Saved entries:
definition euler_tour :: "(nat \<times> nat) set \<Rightarrow> nat list \<Rightarrow> bool" where
  "euler_tour E tour \<longleftrightarrow>
     tour \<noteq> [] \<and> hd tour = 0 \<and> last tour = 0 \<and>
     (\<forall>k. Suc k < length tour \<longrightarrow> tree_adj E (tour ! k) (tour ! Suc k)) \<and>
     (\<forall>(i, j)\<in>E. card {k. Suc k < length tour \<and> {tour ! k, tour ! Suc k} = {i, j}} = 2)"

text \<open>Algorithm 1's schedule: repeat the tour forever, without waiting.\<close>
definition alg_walk :: "nat list \<Rightarrow> nat \<Rightarrow> nat" where
  "alg_walk tour k = tour ! (k mod (length tour - 1))"

fun alg_times :: "(nat \<Rightarrow> nat \<Rightarrow> real) \<Rightarrow> nat list \<Rightarrow> nat \<Rightarrow> real" where
  "alg_times t tour 0 = 0"
| "alg_times t tour (Suc k) = alg_times t tour k + t (alg_walk tour k) (alg_walk tour (Suc k))"

end

theory Submission
  imports Defs
begin

text \<open>
  Lower bound: if the robot has visited every point by time T, then the edges along which it
  first enters each point form a spanning tree whose weight is at most the travel time, hence
  at most T. So at every time T below the weight W of a minimum spanning tree some bamboo is
  still uncut and has height at least h_min T; therefore OPT \<ge> h_min W.

  Upper bound: one round of the Euler tour takes time 2W and passes every point, so every
  bamboo is cut at least once in each time window of length 2W and never exceeds h_max 2W.
  So the constant c = 2 works.
\<close>

lemma bgt_instance_rates:
  assumes "bgt_instance n h t" and "i < n"
  shows "0 < h (n - 1)" and "h (n - 1) \<le> h i" and "h i \<le> h 0"
proof -
  have mono: "h k \<le> h j" if "j \<le> k" "k < n" for j k
    using assms(1) that unfolding bgt_instance_def by (cases "j = k") auto
  show "0 < h (n - 1)" using assms(1) by (simp add: bgt_instance_def)
  show "h (n - 1) \<le> h i" "h i \<le> h 0" using mono[of i "n - 1"] mono[of 0 i] assms(2) by auto
qed

lemma bgt_instance_travel:
  assumes "bgt_instance n h t" "i < n" "j < n" "i \<noteq> j"
  shows "0 < t i j" and "t i j = t j i"
  using assms unfolding bgt_instance_def by blast+

section \<open>Heights\<close>

lemma height_unvisited:
  assumes "0 \<le> s" and "\<And>k. w k = i \<Longrightarrow> s < a k"
  shows "height h w a d i s = h i * s"
proof -
  have "at_times w a d i \<inter> {..s} = {}"
    unfolding at_times_def using assms(2) by fastforce
  then show ?thesis unfolding height_def by simp
qed

lemma height_le_of_recent_cut:
  assumes "0 \<le> h i" and "c \<in> {0} \<union> (at_times w a d i \<inter> {..s})" and "s - P \<le> c"
  shows "height h w a d i s \<le> h i * P"
proof -
  have "bdd_above ({0} \<union> (at_times w a d i \<inter> {..s}))"
    by (rule bdd_aboveI[of _ "max 0 s"]) auto
  with assms(2) have "c \<le> Sup ({0} \<union> (at_times w a d i \<inter> {..s}))"
    by (rule cSup_upper)
  then show ?thesis
    unfolding height_def using assms(1,3) by (intro mult_left_mono) auto
qed

lemma MH_ge_height:
  assumes "0 \<le> s" and "i < n"
  shows "ereal (height h w a d i s) \<le> MH n h w a d"
  unfolding MH_def
  by (rule SUP_upper2[of s]) (use assms in \<open>auto intro: SUP_upper\<close>)

lemma MH_le:
  assumes "\<And>i s. i < n \<Longrightarrow> 0 \<le> s \<Longrightarrow> height h w a d i s \<le> B"
  shows "MH n h w a d \<le> ereal B"
  unfolding MH_def using assms by (auto intro!: SUP_least)

lemma MH_nonneg:
  assumes "0 < n"
  shows "0 \<le> MH n h w a d"
proof -
  have "Sup ({0} \<union> (at_times w a d 0 \<inter> {..0})) = (0::real)"
    by (rule cSup_eq_maximum) auto
  then have "height h w a d 0 0 = 0"
    unfolding height_def by simp
  then show ?thesis using MH_ge_height[of 0 0 n h w a d] assms by (simp add: zero_ereal_def)
qed

lemma ereal_le_by_pos_reals_below:
  fixes z :: ereal
  assumes "0 \<le> z" and "\<And>r. 0 < r \<Longrightarrow> r < y \<Longrightarrow> ereal r \<le> z"
  shows "ereal y \<le> z"
proof (cases "y \<le> 0")
  case True
  then have "ereal y \<le> 0" by (simp add: zero_ereal_def)
  then show ?thesis using assms(1) by (rule order_trans)
next
  case False
  show ?thesis
  proof (rule dense_le_bounded[of 0])
    fix x assume "0 < x" "x < ereal y"
    then obtain r where "x = ereal r" "0 < r" "r < y" by (cases x) auto
    then show "x \<le> z" using assms(2) by simp
  qed (use False in auto)
qed

section \<open>First-visit trees\<close>

lemma tree_adj_min_max: "(min x y, max x y) \<in> E \<Longrightarrow> tree_adj E x y"
  unfolding tree_adj_def by (cases "x \<le> y") (auto simp: min_def max_def)

lemma tree_adj_edge:
  assumes "E \<subseteq> {(i, j). i < j \<and> j < n}" and "tree_adj E x y"
  shows "x \<noteq> y" "x < n" "y < n" "(min x y, max x y) \<in> E"
  using assms unfolding tree_adj_def by (auto simp: min_def max_def)

lemma min_max_eq_iff_doubleton:
  fixes a b i j :: "'a::linorder"
  assumes "i < j"
  shows "(min a b, max a b) = (i, j) \<longleftrightarrow> {a, b} = {i, j}"
  using assms by (auto simp: min_def max_def doubleton_eq_iff)

lemma min_max_pair_eqD:
  fixes a b c d :: "'a::linorder"
  assumes "(min a b, max a b) = (min c d, max c d)"
  shows "b = d \<or> (a = d \<and> c = b)"
  using assms by (auto simp: min_def max_def split: if_splits)

definition first_visit :: "(nat \<Rightarrow> 'a) \<Rightarrow> 'a \<Rightarrow> nat" where
  "first_visit w v = (LEAST k. w k = v)"

definition entry_vertex :: "(nat \<Rightarrow> 'a) \<Rightarrow> 'a \<Rightarrow> 'a" where
  "entry_vertex w v = w (first_visit w v - 1)"

definition entry_edge :: "(nat \<Rightarrow> nat) \<Rightarrow> nat \<Rightarrow> nat \<times> nat" where
  "entry_edge w v = (min (entry_vertex w v) v, max (entry_vertex w v) v)"

definition first_visit_tree :: "nat \<Rightarrow> (nat \<Rightarrow> nat) \<Rightarrow> (nat \<times> nat) set" where
  "first_visit_tree n w = entry_edge w ` {1..<n}"

lemma first_visit_eq: "w k = v \<Longrightarrow> w (first_visit w v) = v"
  unfolding first_visit_def by (rule LeastI)

lemma first_visit_le: "w k = v \<Longrightarrow> first_visit w v \<le> k"
  unfolding first_visit_def by (rule Least_le)

locale covering_walk =
  fixes n :: nat and w :: "nat \<Rightarrow> nat"
  assumes start: "w 0 = 0"
    and moves: "w (Suc k) \<noteq> w k"
    and in_range: "w k < n"
    and covers: "v < n \<Longrightarrow> \<exists>k. w k = v"
begin

lemma first_visit_at: "v < n \<Longrightarrow> w (first_visit w v) = v"
  using covers[of v] by (auto intro: first_visit_eq)

lemma first_visit_pos: "v < n \<Longrightarrow> v \<noteq> 0 \<Longrightarrow> 0 < first_visit w v"
  using first_visit_at[of v] start by (cases "first_visit w v") auto

lemma entry_step: "v < n \<Longrightarrow> v \<noteq> 0 \<Longrightarrow> w (Suc (first_visit w v - 1)) = v"
  using first_visit_at first_visit_pos by simp

lemma entry_vertex_neq:
  assumes "v < n" "v \<noteq> 0"
  shows "entry_vertex w v \<noteq> v"
proof -
  have "w (Suc (first_visit w v - 1)) \<noteq> w (first_visit w v - 1)" by (rule moves)
  then show ?thesis using entry_step[OF assms] by (simp add: entry_vertex_def)
qed

lemma first_visit_entry_vertex_less:
  assumes "v < n" "v \<noteq> 0"
  shows "first_visit w (entry_vertex w v) < first_visit w v"
proof -
  have "first_visit w (entry_vertex w v) \<le> first_visit w v - 1"
    by (rule first_visit_le) (simp add: entry_vertex_def)
  with first_visit_pos[OF assms] show ?thesis by linarith
qed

#### [REQUIRED ACTION]
Set the entries down again exactly, beginning with their first line and ending with the line that contains "tour \<noteq> []"; omit all other lines.

#### [ANSWER TO THIS TASK]
definition euler_tour :: "(nat \<times> nat) set \<Rightarrow> nat list \<Rightarrow> bool" where
  "euler_tour E tour \<longleftrightarrow>
     tour \<noteq> [] \<and> hd tour = 0 \<and> last tour = 0 \<and>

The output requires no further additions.